February 8th is one of those days that stands out in the calendar of my family history. For me it has become Genealogy Day, a day to do something special about my interest in family history. Like Christmas but for me not Baby Jesus. And it helps a bit that Losar, the Tibetan New Year, is right around this time of year.
It’s the anniversary of my grandfather’s death. Harry William Swanstrom (1903-1957). By coincidence it’s also the anniversary of his sister’s death. Ellen Sophie (Swanstrom) Hinkle (1895-1949). She was the first of the kids to pass away.

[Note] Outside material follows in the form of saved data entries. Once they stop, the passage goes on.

lemma loc_rel_equiv: "equiv (carrier A \<times> S) (loc_rel A S)"
proof (rule equivI)
  show "loc_rel A S \<subseteq> (carrier A \<times> S) \<times> (carrier A \<times> S)"
    unfolding loc_rel_def by auto
  show "refl_on (carrier A \<times> S) (loc_rel A S)"
    unfolding refl_on_def loc_rel_def using one_in_mult_system by auto
  show "sym (loc_rel A S)"
    by (rule symI) (auto simp: loc_rel_def intro: sym)
  show "trans (loc_rel A S)"
  proof (rule transI)
    fix x y z assume xy: "(x, y) \<in> loc_rel A S" and yz: "(y, z) \<in> loc_rel A S"
    obtain a s b t c r where xyz: "x = (a, s)" "y = (b, t)" "z = (c, r)"
      by (cases x, cases y, cases z)
    from xy obtain u where u: "u \<in> S" "u \<otimes> (a \<otimes> t) = u \<otimes> (b \<otimes> s)"
      and ab: "a \<in> carrier A" "b \<in> carrier A" "s \<in> S" "t \<in> S"
      unfolding xyz loc_rel_def by auto
    from yz obtain v where v: "v \<in> S" "v \<otimes> (b \<otimes> r) = v \<otimes> (c \<otimes> t)"
      and c: "c \<in> carrier A" "r \<in> S"
      unfolding xyz loc_rel_def by auto
    have carr: "s \<in> carrier A" "t \<in> carrier A" "r \<in> carrier A" "u \<in> carrier A" "v \<in> carrier A"
      using ab c u v mult_system_subset by auto
    have "(u \<otimes> v \<otimes> t) \<otimes> (a \<otimes> r) = (v \<otimes> r) \<otimes> (u \<otimes> (a \<otimes> t))"
      using ab c carr by (simp add: m_ac)
    also have "\<dots> = (u \<otimes> s) \<otimes> (v \<otimes> (b \<otimes> r))"
      using u ab c carr by (simp add: m_ac)
    also have "\<dots> = (u \<otimes> v \<otimes> t) \<otimes> (c \<otimes> s)"
      using v ab c carr by (simp add: m_ac)
    finally show "(x, z) \<in> loc_rel A S"
      unfolding xyz loc_rel_def using ab c u v mult_system_closed by auto
  qed
qed

lemma loc_rel_mult:
  assumes "((a, s), (a', s')) \<in> loc_rel A S" and "((b, t), (b', t')) \<in> loc_rel A S"
  shows "((a \<otimes> b, s \<otimes> t), (a' \<otimes> b', s' \<otimes> t')) \<in> loc_rel A S"
proof -
  from assms(1) obtain u where u: "u \<in> S" "u \<otimes> (a \<otimes> s') = u \<otimes> (a' \<otimes> s)"
    and as: "a \<in> carrier A" "a' \<in> carrier A" "s \<in> S" "s' \<in> S"
    unfolding loc_rel_def by auto
  from assms(2) obtain v where v: "v \<in> S" "v \<otimes> (b \<otimes> t') = v \<otimes> (b' \<otimes> t)"
    and bt: "b \<in> carrier A" "b' \<in> carrier A" "t \<in> S" "t' \<in> S"
    unfolding loc_rel_def by auto
  have carr: "s \<in> carrier A" "s' \<in> carrier A" "t \<in> carrier A" "t' \<in> carrier A"
    "u \<in> carrier A" "v \<in> carrier A"
    using as bt u v mult_system_subset by auto
  have "(u \<otimes> v) \<otimes> ((a \<otimes> b) \<otimes> (s' \<otimes> t')) = (u \<otimes> (a \<otimes> s')) \<otimes> (v \<otimes> (b \<otimes> t'))"
    using as bt carr by (simp add: m_ac)
  also have "\<dots> = (u \<otimes> v) \<otimes> ((a' \<otimes> b') \<otimes> (s \<otimes> t))"
    using u v as bt carr by (simp add: m_ac)
  finally show ?thesis
    unfolding loc_rel_def using as bt u v mult_system_closed by auto
qed
lemma constructible_open_imp_basic_nbhd:
  assumes "openin (constructible_ideals R) U" "J \<in> U"
  shows "\<exists>F G. F \<subseteq> J \<and> finite G \<and> G \<subseteq> carrier R \<and> G \<inter> J = {} \<and> constructible_basic R F G \<subseteq> U"
proof -
  have "generate_topology_on
      ({U. openin (zariski_ideals R) U \<and> compactin (zariski_ideals R) U} \<union>
       {ideals_of R - U | U. openin (zariski_ideals R) U \<and> compactin (zariski_ideals R) U}) U"
    using assms(1) unfolding constructible_ideals_def by (rule openin_topology_generated_by)
  then show ?thesis using assms(2)
  proof (induction arbitrary: J)
    case Empty
    then show ?case by simp
  next
    case (Int U V)
    obtain F G where FG: "F \<subseteq> J" "finite G" "G \<subseteq> carrier R" "G \<inter> J = {}" "constructible_basic R F G \<subseteq> U"
      using Int.IH(1)[of J] Int.prems by blast
    obtain F' G' where FG': "F' \<subseteq> J" "finite G'" "G' \<subseteq> carrier R" "G' \<inter> J = {}"
      "constructible_basic R F' G' \<subseteq> V"
      using Int.IH(2)[of J] Int.prems by blast
    have "constructible_basic R (F \<union> F') (G \<union> G') \<subseteq> U \<inter> V"
      using FG(5) FG'(5) unfolding constructible_basic_def by blast
    then show ?case using FG FG' by (intro exI[of _ "F \<union> F'"] exI[of _ "G \<union> G'"]) auto
  next
    case (UN \<K>)
    then obtain K where "K \<in> \<K>" "J \<in> K" by blast
    then show ?case using UN.IH[of K J] by blast
  next
    case (Basis B)
    show ?case
    proof (cases "openin (zariski_ideals R) B")
      case True
      then obtain F where "J \<in> zariski_basic R F" "zariski_basic R F \<subseteq> B"
        using zariski_open_imp_basic_nbhd Basis.prems by blast
      then show ?thesis unfolding zariski_basic_def constructible_basic_def
        by (intro exI[of _ F] exI[of _ "{}"]) auto
    next
      case False
      then obtain V where V: "openin (zariski_ideals R) V" "compactin (zariski_ideals R) V"
        and B: "B = ideals_of R - V" using Basis.hyps by blast
      then obtain G where G: "finite G" "G \<subseteq> carrier R" "G \<inter> J = {}" "\<And>I. I \<in> V \<Longrightarrow> G \<inter> I \<noteq> {}"
        using compact_open_separated_by_elements[OF V, of J] Basis.prems by blast
      then have "constructible_basic R {} G \<subseteq> B" unfolding B constructible_basic_def by blast
      with G(1-3) show ?thesis by (intro exI[of _ "{}"] exI[of _ G]) auto
    qed
  qed
qed
lemma (in prob_space) AE_eventually_average_close:
  fixes X :: "nat \<Rightarrow> 'a \<Rightarrow> real"
  assumes indep: "indep_vars (\<lambda>_. borel) X UNIV"
    and bnd: "\<And>t \<omega>. \<omega> \<in> space M \<Longrightarrow> \<bar>X t \<omega>\<bar> \<le> B"
    and mean: "\<And>t. expectation (X t) = \<mu>"
    and "0 < \<epsilon>" "0 < B"
  shows "AE \<omega> in M. \<forall>\<^sub>F n in sequentially. \<bar>(\<Sum>s<Suc n. X s \<omega>) / real (Suc n) - \<mu>\<bar> < \<epsilon>"
proof -
  have [measurable]: "X t \<in> borel_measurable M" for t
    using indep unfolding indep_vars_def by auto
  define A where "A n = {\<omega>\<in>space M. real (Suc n) * \<epsilon> \<le> \<bar>(\<Sum>s<Suc n. X s \<omega>) - real (Suc n) * \<mu>\<bar>}" for n
  define \<kappa> where "\<kappa> = \<epsilon>\<^sup>2 / (2 * B\<^sup>2)"
  have "0 < \<kappa>" unfolding \<kappa>_def using assms by simp
  have prob_A: "measure M (A n) \<le> 2 * exp (- \<kappa>) ^ Suc n" for n
  proof -
    have "measure M (A n) \<le> 2 * exp (- real (Suc n) * \<kappa>)"
      unfolding A_def \<kappa>_def by (rule hoeffding_sum_deviation[OF assms])
    also have "exp (- real (Suc n) * \<kappa>) = exp (- \<kappa>) ^ Suc n"
      using exp_of_nat_mult[of "Suc n" "- \<kappa>"] by (simp add: algebra_simps)
    finally show ?thesis .
  qed
  have "summable (\<lambda>n. 2 * exp (- \<kappa>) ^ Suc n)"
    using \<open>0 < \<kappa>\<close> by (intro summable_mult summable_Suc_iff[THEN iffD2] summable_geometric) auto
  then have "summable (\<lambda>n. measure M (A n))"
    by (rule summable_comparison_test[rotated]) (use prob_A in auto)
  then have "AE \<omega> in M. \<forall>\<^sub>F n in sequentially. \<omega> \<in> space M - A n"
    by (intro borel_cantelli_AE1) (auto simp: A_def less_top[symmetric])
  moreover have "\<bar>S / real (Suc n) - \<mu>\<bar> < \<epsilon>" if "\<bar>S - real (Suc n) * \<mu>\<bar> < real (Suc n) * \<epsilon>" for S n
  proof -
    have "\<bar>S / real (Suc n) - \<mu>\<bar> = \<bar>S - real (Suc n) * \<mu>\<bar> / real (Suc n)"
      by (simp add: field_simps abs_divide)
    with that show ?thesis by (simp add: field_simps del: of_nat_Suc)
  qed
  ultimately show ?thesis
    by (elim eventually_mono) (auto simp: A_def elim!: eventually_mono)
qed

lemma (in prob_space) strong_law_bounded:
  fixes X :: "nat \<Rightarrow> 'a \<Rightarrow> real"
  assumes indep: "indep_vars (\<lambda>_. borel) X UNIV"
    and bnd: "\<And>t \<omega>. \<omega> \<in> space M \<Longrightarrow> \<bar>X t \<omega>\<bar> \<le> B"
    and mean: "\<And>t. expectation (X t) = \<mu>"
  shows "AE \<omega> in M. (\<lambda>n. (\<Sum>s<n. X s \<omega>) / real n) \<longlonglongrightarrow> \<mu>"
proof -
  have bnd': "\<bar>X t \<omega>\<bar> \<le> \<bar>B\<bar> + 1" if "\<omega> \<in> space M" for t \<omega>
    using bnd[OF that, of t] by linarith
  have "AE \<omega> in M. \<forall>k::nat. \<forall>\<^sub>F n in sequentially.
      \<bar>(\<Sum>s<Suc n. X s \<omega>) / real (Suc n) - \<mu>\<bar> < 1 / real (Suc k)"
    unfolding AE_all_countable
    by (intro allI AE_eventually_average_close[OF indep bnd' mean]) auto
  then show ?thesis
  proof (rule eventually_mono)
    fix \<omega> assume close: "\<forall>k::nat. \<forall>\<^sub>F n in sequentially.
        \<bar>(\<Sum>s<Suc n. X s \<omega>) / real (Suc n) - \<mu>\<bar> < 1 / real (Suc k)"
    have "(\<lambda>n. (\<Sum>s<Suc n. X s \<omega>) / real (Suc n)) \<longlonglongrightarrow> \<mu>"
    proof (rule tendstoI)
      fix r :: real assume "0 < r"
      then obtain k :: nat where "1 / real (Suc k) < r" by (rule nat_approx_posE)
      with close[rule_format, of k]
      show "\<forall>\<^sub>F n in sequentially. dist ((\<Sum>s<Suc n. X s \<omega>) / real (Suc n)) \<mu> < r"
        by (elim eventually_mono) (simp add: dist_real_def)
    qed
    then show "(\<lambda>n. (\<Sum>s<n. X s \<omega>) / real n) \<longlonglongrightarrow> \<mu>"
      by (rule LIMSEQ_imp_Suc)
  qed
qed

section \<open>Independence of paired families\<close>

lemma (in prob_space) indep_set_mono:
  assumes "indep_set A B" "A' \<subseteq> A" "B' \<subseteq> B"
  shows "indep_set A' B'"
  using assms unfolding indep_sets2_eq by blast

That’s on the Swanstrom side. Then on the Howery side, today is the anniversary of the earliest surviving mention of the surname Hauri in history. A Conrad Hauri (Chuondradus dictus Hovri) was mentioned on 8 February 1282 as owing 9 shillings annually for his land at Steffisburg (Bern, No. 334), when Werner von Steffisburg leased certain lands to Kloster Interlaken. The taxes Conrad owed for his lands were in line with amounts throughout the region for larger peasant holdings. He was probably our ancestor but there’s no way to prove it.
For my Genealogy Day last year I started the process for getting a grave marker for my grandmother’s two babies that died at birth. Charles Edward Swanstrom (1932) and Harvey William Swanstrom (1934). It took nearly a year start to finish, which is part of the reason I’m just writing about it now.
My grandmother always intended to have a marker made for them and place it in Eden Valley Cemetery. It was one of the last things she mentioned to me just before she died. Actually, the babies are buried in Rock Springs but the funeral home has said there would not be enough left of their bodies to move them to Eden. And, we could mark the graves where they’re buried but then they would end up being disconnected from the family story.
So. We got the gravestone, and we had it placed between my grandparents’ graves. Also this year we did a memorial brick for my grandparents and another for my sister Evonne in the Peace Walk at the Amitabha Stupa in Sedona. But that’s a story for another time.